Calculating probabilities requires better knowledge in two areas:
In order to know all the possible outcomes, it is helpful to know how much of a genome is pure noise, and how much is already being used.
Not surprisingly, if one species has “x” amount of genome, and another species has “10 times x” in raw genome, more mutations can occur each generation.
If we don’t know how much of the genome is “almost ready” to become a gene with a specific use, how can we calculate a probability?
Probabilities work best when you know the universe of possibilities… like the heads and tails of a coin… or the number of possible sides a pair of dice have.
How do you calculate probabilities when someone gives you a pair of invisible dice, and only visible side is the one that is facing up? Your first task is to see how many sides there are … but as you slowly rotate the dice, the number keeps getting higher and higher … with no end in sight!
The logic of evolution becomes more important than the math:
Once one agrees that enough changes can aggregate in a population that makes them no longer reproductively compatible with another part of the population … all other things about evolution are possible!
[1] These changes could involve blood or ovarian chemistry;
[2] These changes could involve physical facilitation (if the male or female become so large or so small that many potential mating partners are physically unable to accomplish the deed);
[3] These changes could be changes in peripheral aspects of mating, like the song birds make to attract mates! In a single generation, a change can happen in a bird’s brain that triggers a different song … and the only ones willing to mate with it might be other descendants that share the same song change.
Once two groups of a single population no longer freely exchange genetic information, then one group will no longer experience the same set of mutations… and they will start traveling their own unique road of genotype and phenotype.
@colewd, I just read your post above… I hope you think my post touches on what you were describing.
Why did it need to have an antifreeze gene? Lots of fish get by fine without one. Getting one might have enabled some fish to exploit a new ecological niche (or exploit it better), but if no such gene had emerged . . . what? We wouldn’t be sitting around wondering why one didn’t exist. Which is to say, evolution isn’t striving to achieve some target.
To be honest, reading books works much better than internet chat boards. This is not the sort of thing anyone will pick up in a few days over even a few weeks of investigation.
Yeah, that site is perhaps not the best, overall source for beginning your inquiries, given the ‘what we believe’ statements here. For example:
Facts are always subject to interpretation by fallible people who do not possess all information. By definition, therefore, no interpretation of facts in any field, including history and chronology, can be valid if it contradicts the scriptural record.
I do treat evolution as a whole. My set of questions describe the most important building block of evolution from beginning to end.

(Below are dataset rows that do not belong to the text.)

(* Let $V=\{1,\ldots,p\}$ and let $\mathbf{X}_V$ be a random vector with positive definite covariance matrix $\Sigma=\{\sigma_{uv}\}_{u,v\in V}$ and concentration matrix $K=\Sigma^{-1}=\{\kappa_{uv}\}_{u,v\in V}$. Suppose $K$ implies the undirected graph $\mathcal{G}=(V,\mathcal{E})$. Then for every edge $\{x,y\}\in\mathcal{E}$, $$\omega(\langle x,y\rangle,\Sigma)=\frac{\sigma_{xy\cdot V\setminus\{x,y\}}}{1-\rho^{2}_{\{x,y\}\mid V\setminus\{x,y\}}},$$ where $\sigma_{xy\cdot V\setminus\{x,y\}}$ is the $(x,y)$ entry of the partial covariance matrix $\Sigma_{\{x,y\}\{x,y\}\cdot V\setminus\{x,y\}}$ and $\rho_{\{x,y\}\mid V\setminus\{x,y\}}$ is the vector correlation coefficient between $\mathbf{X}_{\{x,y\}}$ and $\mathbf{X}_{V\setminus\{x,y\}}$.
   Context: For $A,B\subseteq V$ disjoint, $\Sigma_{AB}$ denotes the submatrix of $\Sigma$ with rows $A$, columns $B$; $\Sigma_{AA}^{-1}$ means $(\Sigma_{AA})^{-1}$; the partial covariance matrix is $\Sigma_{AA\cdot B}=\Sigma_{AA}-\Sigma_{AB}\Sigma_{BB}^{-1}\Sigma_{BA}$ (equal to $\Sigma_{AA}$ if $B=\emptyset$). $K$ implies an undirected graph $\mathcal{G}=(V,\mathcal{E})$ (no self-loops) if every nonzero off-diagonal entry $\kappa_{uv}$ corresponds to an edge $\{u,v\}\in\mathcal{E}$. A path between $x$ and $y$ is a sequence $\pi=\langle x=v_1,\ldots,v_k=y\rangle$ of $k\ge2$ distinct vertices with consecutive vertices adjacent; $V(\pi)$ and $\mathcal{E}(\pi)$ denote its vertex and edge sets. For a positive definite matrix $\Gamma$ indexed by $V$ and a path $\pi$ with $P=V(\pi)$, the path weight is $\omega(\pi,\Gamma)=(-1)^{|P|+1}\,|\Gamma_{PP}|\prod_{\{u,v\}\in\mathcal{E}(\pi)}\{\Gamma^{-1}\}_{uv}$, where $|\cdot|$ of a matrix is the determinant. For disjoint $A,B$, the vector alienation coefficient is $\lambda_{A\mid B}=|\Sigma_{A\cup B\,A\cup B}|/(|\Sigma_{AA}|\,|\Sigma_{BB}|)$ and the vector correlation coefficient is $\rho_{A\mid B}=\sqrt{1-\lambda_{A\mid B}}$, with the convention $\rho_{A\mid B}=0$ if $A=\emptyset$ or $B=\emptyset$. *)

theory Defs
  imports "HOL-Combinatorics.Permutations" Complex_Main
begin

text \<open>Matrices are represented as functions of type nat => nat => real, considered
  on an explicit finite index set.  For a set S, the submatrix M_SS is M restricted to S.\<close>

definition det_on :: "nat set \<Rightarrow> (nat \<Rightarrow> nat \<Rightarrow> real) \<Rightarrow> real" where
  "det_on S M = (\<Sum>\<sigma> | \<sigma> permutes S. of_int (sign \<sigma>) * (\<Prod>i\<in>S. M i (\<sigma> i)))"

definition inv_on :: "nat set \<Rightarrow> (nat \<Rightarrow> nat \<Rightarrow> real) \<Rightarrow> (nat \<Rightarrow> nat \<Rightarrow> real)" where
  "inv_on S M = (THE B. (\<forall>i\<in>S. \<forall>j\<in>S. (\<Sum>k\<in>S. M i k * B k j) = (if i = j then 1 else 0))
                      \<and> (\<forall>i j. i \<notin> S \<or> j \<notin> S \<longrightarrow> B i j = 0))"

definition pos_def_on :: "nat set \<Rightarrow> (nat \<Rightarrow> nat \<Rightarrow> real) \<Rightarrow> bool" where
  "pos_def_on V M \<longleftrightarrow> (\<forall>i\<in>V. \<forall>j\<in>V. M i j = M j i) \<and>
     (\<forall>z :: nat \<Rightarrow> real. (\<exists>i\<in>V. z i \<noteq> 0) \<longrightarrow> (\<Sum>i\<in>V. \<Sum>j\<in>V. z i * M i j * z j) > 0)"

text \<open>Partial covariance matrix Sigma_{AA.B} (its entries for indices in A).\<close>
definition partial_cov :: "(nat \<Rightarrow> nat \<Rightarrow> real) \<Rightarrow> nat set \<Rightarrow> nat \<Rightarrow> nat \<Rightarrow> real" where
  "partial_cov M B i j = M i j - (\<Sum>k\<in>B. \<Sum>l\<in>B. M i k * inv_on B M k l * M l j)"

definition alienation :: "(nat \<Rightarrow> nat \<Rightarrow> real) \<Rightarrow> nat set \<Rightarrow> nat set \<Rightarrow> real" where
  "alienation M A B = det_on (A \<union> B) M / (det_on A M * det_on B M)"

definition vec_corr :: "(nat \<Rightarrow> nat \<Rightarrow> real) \<Rightarrow> nat set \<Rightarrow> nat set \<Rightarrow> real" where
  "vec_corr M A B = (if A = {} \<or> B = {} then 0 else sqrt (1 - alienation M A B))"

text \<open>Path weight omega(pi, Gamma), Gamma indexed by V; the edges of the path are the
  consecutive pairs of the (distinct) vertex list, and (Gamma^{-1})_{uv} is taken in the
  full matrix Gamma_VV.\<close>
definition path_weight :: "nat set \<Rightarrow> nat list \<Rightarrow> (nat \<Rightarrow> nat \<Rightarrow> real) \<Rightarrow> real" where
  "path_weight V \<pi> \<Gamma> = (-1) ^ (card (set \<pi>) + 1) * det_on (set \<pi>) \<Gamma> *
      prod_list (map (\<lambda>(u, v). inv_on V \<Gamma> u v) (zip \<pi> (tl \<pi>)))"
lemma one_sperner_on_decomposition:
  assumes "one_sperner_on W E" "finite W" "finite E"
    and "e1 \<in> E" "e2 \<in> E" "e1 \<noteq> e2"
  obtains z W\<^sub>0 W\<^sub>1 where "z \<in> W" "W\<^sub>0 \<subseteq> W - {z}" "W\<^sub>1 = W - {z} - W\<^sub>0"
    and "\<exists>e\<in>E. z \<in> e" "\<exists>e\<in>E. z \<notin> e"
    and "\<And>e. e \<in> E \<Longrightarrow> z \<in> e \<Longrightarrow> e \<inter> W \<subseteq> insert z W\<^sub>0"
    and "\<And>e. e \<in> E \<Longrightarrow> z \<notin> e \<Longrightarrow> W\<^sub>0 \<subseteq> e"
    and "one_sperner_on W\<^sub>0 {e\<in>E. z \<in> e}"
    and "one_sperner_on W\<^sub>1 {e\<in>E. z \<notin> e}"
proof -
  obtain z where z: "z \<in> W" "\<exists>e\<in>E. z \<in> e" "\<exists>e\<in>E. z \<notin> e"
    and sep: "\<And>e h. e \<in> E \<Longrightarrow> h \<in> E \<Longrightarrow> z \<in> e \<Longrightarrow> z \<notin> h \<Longrightarrow> (e - h) \<inter> W = {z}"
    by (rule one_sperner_on_separating_vertex[OF assms]) (rule that)
  define W\<^sub>0 where "W\<^sub>0 = {v \<in> W - {z}. \<exists>e\<in>E. z \<in> e \<and> v \<in> e}"
  define W\<^sub>1 where "W\<^sub>1 = W - {z} - W\<^sub>0"
  have through_z: "e \<inter> W \<subseteq> insert z W\<^sub>0" if "e \<in> E" "z \<in> e" for e
    using that unfolding W\<^sub>0_def by blast
  have avoiding_z: "W\<^sub>0 \<subseteq> e" if "e \<in> E" "z \<notin> e" for e
  proof
    fix v assume "v \<in> W\<^sub>0"
    then obtain f where "f \<in> E" "z \<in> f" "v \<in> f" "v \<in> W" "v \<noteq> z" unfolding W\<^sub>0_def by blast
    with sep[of f e] that show "v \<in> e" by blast
  qed
  have "one_sperner_on W\<^sub>0 {e\<in>E. z \<in> e}"
    using assms(1) by (rule one_sperner_on_restrict) (auto simp: W\<^sub>0_def)
  moreover have "one_sperner_on W\<^sub>1 {e\<in>E. z \<notin> e}"
    using assms(1) by (rule one_sperner_on_restrict) (use avoiding_z in \<open>auto simp: W\<^sub>1_def\<close>)
  ultimately show ?thesis
    using that[OF z(1) _ W\<^sub>1_def z(2,3) through_z avoiding_z] unfolding W\<^sub>0_def by blast
qed
lemma on_VY_Sym: "g \<in> U \<Longrightarrow> on_VY g \<in> Sym VY"
proof -
  assume g: "g \<in> U"
  have "g ` VY = VY"
  proof
    show "g ` VY \<subseteq> VY" using U_VY_iff[OF g] by blast
    show "VY \<subseteq> g ` VY"
    proof
      fix y assume y: "y \<in> VY"
      obtain x where "y = g x" using bij_is_surj[OF bij_U[OF g]] by (metis surjD)
      then show "y \<in> g ` VY" using U_VY_iff[OF g] y by blast
    qed
  qed
  then have "bij_betw g VY VY"
    using bij_is_inj[OF bij_U[OF g]] inj_on_subset[of g UNIV VY] unfolding bij_betw_def by simp
  then have "bij_betw (on_VY g) VY VY"
    by (rule bij_betw_cong[THEN iffD1, rotated]) (simp add: on_VY_def)
  then have "on_VY g permutes VY"
    by (rule bij_imp_permutes) (simp add: on_VY_def)
  then show ?thesis by (simp add: Sym_def)
qed

text \<open>The parameter space of \<open>local_stab b C\<close>, as a product of subspaces of the local groups.\<close>

definition param_factor :: "'v \<Rightarrow> ('c \<Rightarrow> 'c) set \<Rightarrow> 'v \<Rightarrow> ('c \<Rightarrow> 'c) set" where
  "param_factor b C p = (if p = b then C else point_stabiliser (local_group p) (in_colour (parent b p)))"

definition param_topology :: "'v \<Rightarrow> ('c \<Rightarrow> 'c) set \<Rightarrow> ('v \<Rightarrow> 'c \<Rightarrow> 'c) topology" where
  "param_topology b C =
     product_topology (\<lambda>p. subtopology (perm_topology (colours p)) (param_factor b C p)) UNIV"

lemma topspace_param_topology:
  assumes "C \<subseteq> local_group b"
  shows "topspace (param_topology b C) = {\<rho>. admissible b \<rho> \<and> \<rho> b \<in> C}"
proof -
  have "topspace (param_topology b C) = {\<rho>. \<forall>p. \<rho> p \<in> Sym (colours p) \<inter> param_factor b C p}"
    unfolding param_topology_def by (simp add: PiE_UNIV_domain Pi_def)
  also have "\<dots> = {\<rho>. admissible b \<rho> \<and> \<rho> b \<in> C}"
  proof (intro Collect_cong iffI)
    fix \<rho> assume a: "\<forall>p. \<rho> p \<in> Sym (colours p) \<inter> param_factor b C p"
    then have "\<rho> b \<in> C" using a[rule_format, of b] by (simp add: param_factor_def)
    moreover have "\<rho> p \<in> local_group p \<and> \<rho> p (in_colour (parent b p)) = in_colour (parent b p)"
      if "p \<noteq> b" for p
      using a[rule_format, of p] that by (simp add: param_factor_def point_stabiliser_def)
    ultimately show "admissible b \<rho> \<and> \<rho> b \<in> C"
      using assms unfolding admissible_def by blast
  next
    fix \<rho> assume a: "admissible b \<rho> \<and> \<rho> b \<in> C"
    show "\<forall>p. \<rho> p \<in> Sym (colours p) \<inter> param_factor b C p"
    proof
      fix p show "\<rho> p \<in> Sym (colours p) \<inter> param_factor b C p"
      proof (cases "p = b")
        case True then show ?thesis using a assms local_group_Sym by (auto simp: param_factor_def)
      next
        case False then show ?thesis
          using a local_group_Sym unfolding admissible_def param_factor_def point_stabiliser_def by auto
      qed
    qed
  qed
  finally show ?thesis .
qed

lemma compact_space_param_topology:
  assumes "compactin (perm_topology (colours b)) C"
    and "\<And>p x. x \<in> colours p \<Longrightarrow> compactin (perm_topology (colours p)) (point_stabiliser (local_group p) x)"
  shows "compact_space (param_topology b C)"
  unfolding param_topology_def compact_space_product_topology
proof (rule disjI2, intro ballI)
  fix p :: 'v
  have "compactin (perm_topology (colours p)) (param_factor b C p)"
  proof (cases "p = b")
    case True then show ?thesis using assms(1) by (simp add: param_factor_def)
  next
    case False
    then have "in_colour (parent b p) \<in> colours p" using parent adj_sym in_colour_mem by blast
    then show ?thesis using False assms(2) by (simp add: param_factor_def)
  qed
  then show "compact_space (subtopology (perm_topology (colours p)) (param_factor b C p))"
    by (rule compact_space_subtopology)
qed

lemma openin_param_topology_agree:
  assumes "finite D"
  shows "openin (param_topology b C) {\<rho>' \<in> topspace (param_topology b C). \<forall>(p,x)\<in>D. \<rho>' p x = \<rho> p x}"
proof -
  let ?T = "param_topology b C"
  have "openin ?T {\<rho>' \<in> topspace ?T. \<rho>' p x = a}" for p x a
  proof -
    have "openin (subtopology (perm_topology (colours p)) (param_factor b C p))
        ({q \<in> Sym (colours p). q x = a} \<inter> param_factor b C p)"
      by (rule openin_subtopology_Int[OF openin_perm_topology_eval])
    then have "openin ?T {\<rho>' \<in> topspace ?T. \<rho>' p \<in> {q \<in> Sym (colours p). q x = a} \<inter> param_factor b C p}"
      unfolding param_topology_def
      by (rule openin_continuous_map_preimage[OF continuous_map_product_projection[OF UNIV_I]])
    moreover have "{\<rho>' \<in> topspace ?T. \<rho>' p \<in> {q \<in> Sym (colours p). q x = a} \<inter> param_factor b C p}
       = {\<rho>' \<in> topspace ?T. \<rho>' p x = a}"
      unfolding param_topology_def by (auto simp: PiE_UNIV_domain Pi_def)
    ultimately show ?thesis by simp
  qed
  then have "openin ?T ((\<Inter>d\<in>D. {\<rho>' \<in> topspace ?T. \<rho>' (fst d) (snd d) = \<rho> (fst d) (snd d)}) \<inter> topspace ?T)"
    by (intro openin_INT[OF assms])
  moreover have "(\<Inter>d\<in>D. {\<rho>' \<in> topspace ?T. \<rho>' (fst d) (snd d) = \<rho> (fst d) (snd d)}) \<inter> topspace ?T
     = {\<rho>' \<in> topspace ?T. \<forall>(p,x)\<in>D. \<rho>' p x = \<rho> p x}"
    by force
  ultimately show ?thesis by simp
qed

What you build from such basic blocks is then a whole other matter altogether. The important thing here is that if such building blocks exist, AND indeed are common, then evolution is possible.
Even among infinities there are countable and uncountable ones. The uncountable infinities are larger than the countable ones. Are you claiming, that this problem is somehow uncountable?
I’m saying that there are only a few specialists in genetic probabilities… because for the most part, the kinds of probabilities you are asking about are only used to argue FOR or AGAINST evolution.
Someone who is already an Evolution scientist could care less about that debate.
Frankly, I think it is a loser for opening a discussion… though there is one application I would love to see take the center ring: nay-sayers love to talk about the odds of a specific genetic outcome being impossibly improbable:
The probability that enzyme A (as we know it) becomes enzyme B (as we know it) is 1 out of 99999999999. blah blah blah.
But this is like betting on the lottery: the probability that “Peter Derecskei” will win the Mega Ball would be a ridiculously speculative wager.
But if you had to use the probability that ANY single individual would win the Mega Ball… that becomes rather dull, right?
You’re right on the money here. I’ve seen some such calculations myself, but the way they did it lead me to believe that the ID way of calculating such odds was at best incomplete.
It’s a misleading term, since it suggests that the organism will be incomplete if it doesn’t get what it needs. It directs thought in the wrong direction, toward thinking in terms of the probability of a particular trait evolving, rather than of any beneficial trait evolving. The latter is a lot larger than the former.
Not that we can calculate any of these probabilities. We don’t know nearly enough about the space of possible proteins or possible traits to do such calculations. What we can do is observe overwhelming evidence that different species are related to each other by common descent, and strong evidence that the differences between them are the result of mutations and that new features (including new genes) arise by known processes from existing features.